> _WHAT IS NEEDED_
From the entries that follow, reproduce exactly and only the lines from the line with "unfolding obs_diam_def one_lipschitz_on_def by (intro SUP_upper)" to the line with "m \<kappa> \<le>", endpoints included.

Collected data entries:
lemma psd_Smat:
  assumes "\<And>n. n < N \<Longrightarrow> 0 \<le> w n"
  shows "psd (Smat N g w mu)"
  unfolding psd_def Smat_quadratic_form using assms by (auto simp: transpose_Smat intro!: sum_nonneg)

lemma uniform_weights_in_capped_simplex:
  assumes "finite J" "I \<subseteq> J" "I \<noteq> {}" "e < 1" "(1 - e) * real (card J) \<le> real (card I)"
  shows "(\<lambda>n. if n \<in> I then 1 / real (card I) else 0) \<in> capped_simplex J e"
proof -
  have "finite I" "card I > 0" "card J > 0"
    using assms by (auto intro: finite_subset simp: card_gt_0_iff)
  then have "1 / real (card I) \<le> 1 / ((1 - e) * real (card J))"
    using assms(4,5) by (intro divide_left_mono) auto
  moreover have "(\<Sum>n\<in>J. if n \<in> I then 1 / real (card I) else 0) = 1"
    using \<open>card I > 0\<close> assms(1,2) by (simp add: sum.If_cases Int_absorb1)
  ultimately show ?thesis
    using assms(2,4) \<open>card J > 0\<close> by (auto simp: capped_simplex_def)
qed

lemma inlier_stable_inliers:
  assumes "inlier_stable N eps g Iin Iout mug Sig dmu dSig"
  shows "finite Iin" "Iin \<subseteq> {..<N}" "(1 - eps) * real N \<le> real (card Iin)"
proof -
  have part: "Iin \<union> Iout = {..<N}" "Iin \<inter> Iout = {}" and "real (card Iout) \<le> eps * real N"
    using assms by (auto simp: inlier_stable_def)
  moreover have "finite Iin" "finite Iout" using part(1) by (metis finite_Un finite_lessThan)+
  ultimately have "card Iin + card Iout = N" using card_Un_disjoint by fastforce
  then show "(1 - eps) * real N \<le> real (card Iin)"
    using \<open>real (card Iout) \<le> eps * real N\<close> by (simp add: algebra_simps flip: of_nat_add)
  show "finite Iin" "Iin \<subseteq> {..<N}" using \<open>finite Iin\<close> part(1) by auto
qed
lemma (in prob_space) cdf_distr:
  "h \<in> borel_measurable M \<Longrightarrow> cdf (distr M borel h) t = prob {x \<in> space M. h x \<le> t}"
  unfolding cdf_def by (subst measure_distr) (auto simp: vimage_def Int_def conj_commute)

lemma (in prob_space) lower_median_distr_lipschitz:
  assumes "h \<in> borel_measurable M" "h' \<in> borel_measurable M"
    and "\<And>x. x \<in> space M \<Longrightarrow> \<bar>h x - h' x\<bar> \<le> \<delta>"
  shows "\<bar>lower_median (distr M borel h) - lower_median (distr M borel h')\<bar> \<le> \<delta>"
proof -
  have shift: "lower_median (distr M borel g') \<le> lower_median (distr M borel g) + \<delta>"
    if [measurable]: "g \<in> borel_measurable M" "g' \<in> borel_measurable M"
      and le: "\<And>x. x \<in> space M \<Longrightarrow> g' x \<le> g x + \<delta>" for g g'
  proof (rule lower_median_le_shift)
    show "real_distribution (distr M borel g)" "real_distribution (distr M borel g')"
      using that(1,2) by simp_all
    fix t
    have "prob {x \<in> space M. g x \<le> t} \<le> prob {x \<in> space M. g' x \<le> t + \<delta>}"
      using le by (intro finite_measure_mono) (fastforce, measurable)
    then show "cdf (distr M borel g) t \<le> cdf (distr M borel g') (t + \<delta>)" by (simp add: cdf_distr)
  qed
  have "h' x \<le> h x + \<delta>" "h x \<le> h' x + \<delta>" if "x \<in> space M" for x
    using assms(3)[OF that] by (simp_all add: abs_le_iff)
  then have "lower_median (distr M borel h') \<le> lower_median (distr M borel h) + \<delta>"
    "lower_median (distr M borel h) \<le> lower_median (distr M borel h') + \<delta>"
    using shift[OF assms(1,2)] shift[OF assms(2,1)] by blast+
  then show ?thesis by (simp add: abs_le_iff)
qed

lemma partial_diam_le_interval:
  assumes "{lo..hi} \<in> sets M" "\<alpha> \<le> measure M {lo..hi}"
  shows "partial_diam (\<lambda>s t. \<bar>s - t\<bar>) M \<alpha> \<le> ennreal (hi - lo)"
proof -
  have "mdiam (\<lambda>s t. \<bar>s - t\<bar>) {lo..hi::real} \<le> ennreal (hi - lo)"
    unfolding mdiam_def by (intro SUP_least ennreal_leI) auto
  then show ?thesis unfolding partial_diam_def using assms by (intro INF_lower2) auto
qed

lemma partial_diam_le_obs_diam:
  "one_lipschitz_on S d f \<Longrightarrow> partial_diam (\<lambda>s t. \<bar>s - t\<bar>) (distr m borel f) (1 - \<kappa>) \<le> obs_diam S d m \<kappa>"
  unfolding obs_diam_def one_lipschitz_on_def by (intro SUP_upper) auto

lemma obs_diam_leI:
  "(\<And>f. one_lipschitz_on S d f \<Longrightarrow> partial_diam (\<lambda>s t. \<bar>s - t\<bar>) (distr m borel f) (1 - \<kappa>) \<le> B)
    \<Longrightarrow> obs_diam S d m \<kappa> \<le> B"
  unfolding obs_diam_def one_lipschitz_on_def by (intro SUP_least) auto

lemma obs_diam_less_imp_concentration:
  assumes "mm_space S d m" "one_lipschitz_on S d h" "obs_diam S d m \<kappa> < ennreal D" "\<kappa> < 1"
  shows "\<exists>l. 1 - \<kappa> \<le> measure m (h -` {l..l + D} \<inter> space m)"
proof -
  interpret prob_space m using assms(1) by (rule mm_space_prob_space)
  have h: "h \<in> borel_measurable m" using assms(1,2) by (rule mm_space_one_lipschitz_measurable)
  have "partial_diam (\<lambda>s t. \<bar>s - t\<bar>) (distr m borel h) (1 - \<kappa>) < ennreal D"
    using partial_diam_le_obs_diam[OF assms(2)] assms(3) by (rule le_less_trans)
  moreover have "0 < 1 - \<kappa>" using assms(4) by simp
  ultimately obtain l where "1 - \<kappa> \<le> measure (distr m borel h) {l..l + D}"
    by (rule real_distribution.partial_diam_less_imp_interval[OF real_distribution_distr[OF h]])
  then show ?thesis using h by (auto simp: measure_distr)
qed

text \<open>Since \<open>1 - \<kappa> > 1/2\<close>, the interval on which \<open>h\<close> concentrates contains the median.\<close>
lemma median_concentration:
  assumes "mm_space T d m" "one_lipschitz_on T d h" "obs_diam T d m \<kappa> < ennreal D" "\<kappa> < 1/2"
  shows "1 - \<kappa> \<le> measure m {y \<in> space m. \<bar>h y - lower_median (distr m borel h)\<bar> \<le> D}"
proof -
  interpret prob_space m using assms(1) by (rule mm_space_prob_space)
  have h [measurable]: "h \<in> borel_measurable m" using assms(1,2) by (rule mm_space_one_lipschitz_measurable)
  obtain u where u: "1 - \<kappa> \<le> measure m (h -` {u..u + D} \<inter> space m)"
    using obs_diam_less_imp_concentration[OF assms(1-3)] assms(4) by force
  have "lower_median (distr m borel h) \<in> {u..u + D}"
    using u assms(4) by (intro real_distribution.lower_median_mem_interval) (auto simp: measure_distr)
  then have "h -` {u..u + D} \<inter> space m \<subseteq> {y \<in> space m. \<bar>h y - lower_median (distr m borel h)\<bar> \<le> D}"
    by (auto simp: abs_le_iff)
  then have "measure m (h -` {u..u + D} \<inter> space m)
      \<le> measure m {y \<in> space m. \<bar>h y - lower_median (distr m borel h)\<bar> \<le> D}"
    by (intro finite_measure_mono) measurable
  then show ?thesis using u by linarith
qed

> _TASK SOLUTION_
  unfolding obs_diam_def one_lipschitz_on_def by (intro SUP_upper) auto

lemma obs_diam_leI:
  "(\<And>f. one_lipschitz_on S d f \<Longrightarrow> partial_diam (\<lambda>s t. \<bar>s - t\<bar>) (distr m borel f) (1 - \<kappa>) \<le> B)
    \<Longrightarrow> obs_diam S d m \<kappa> \<le> B"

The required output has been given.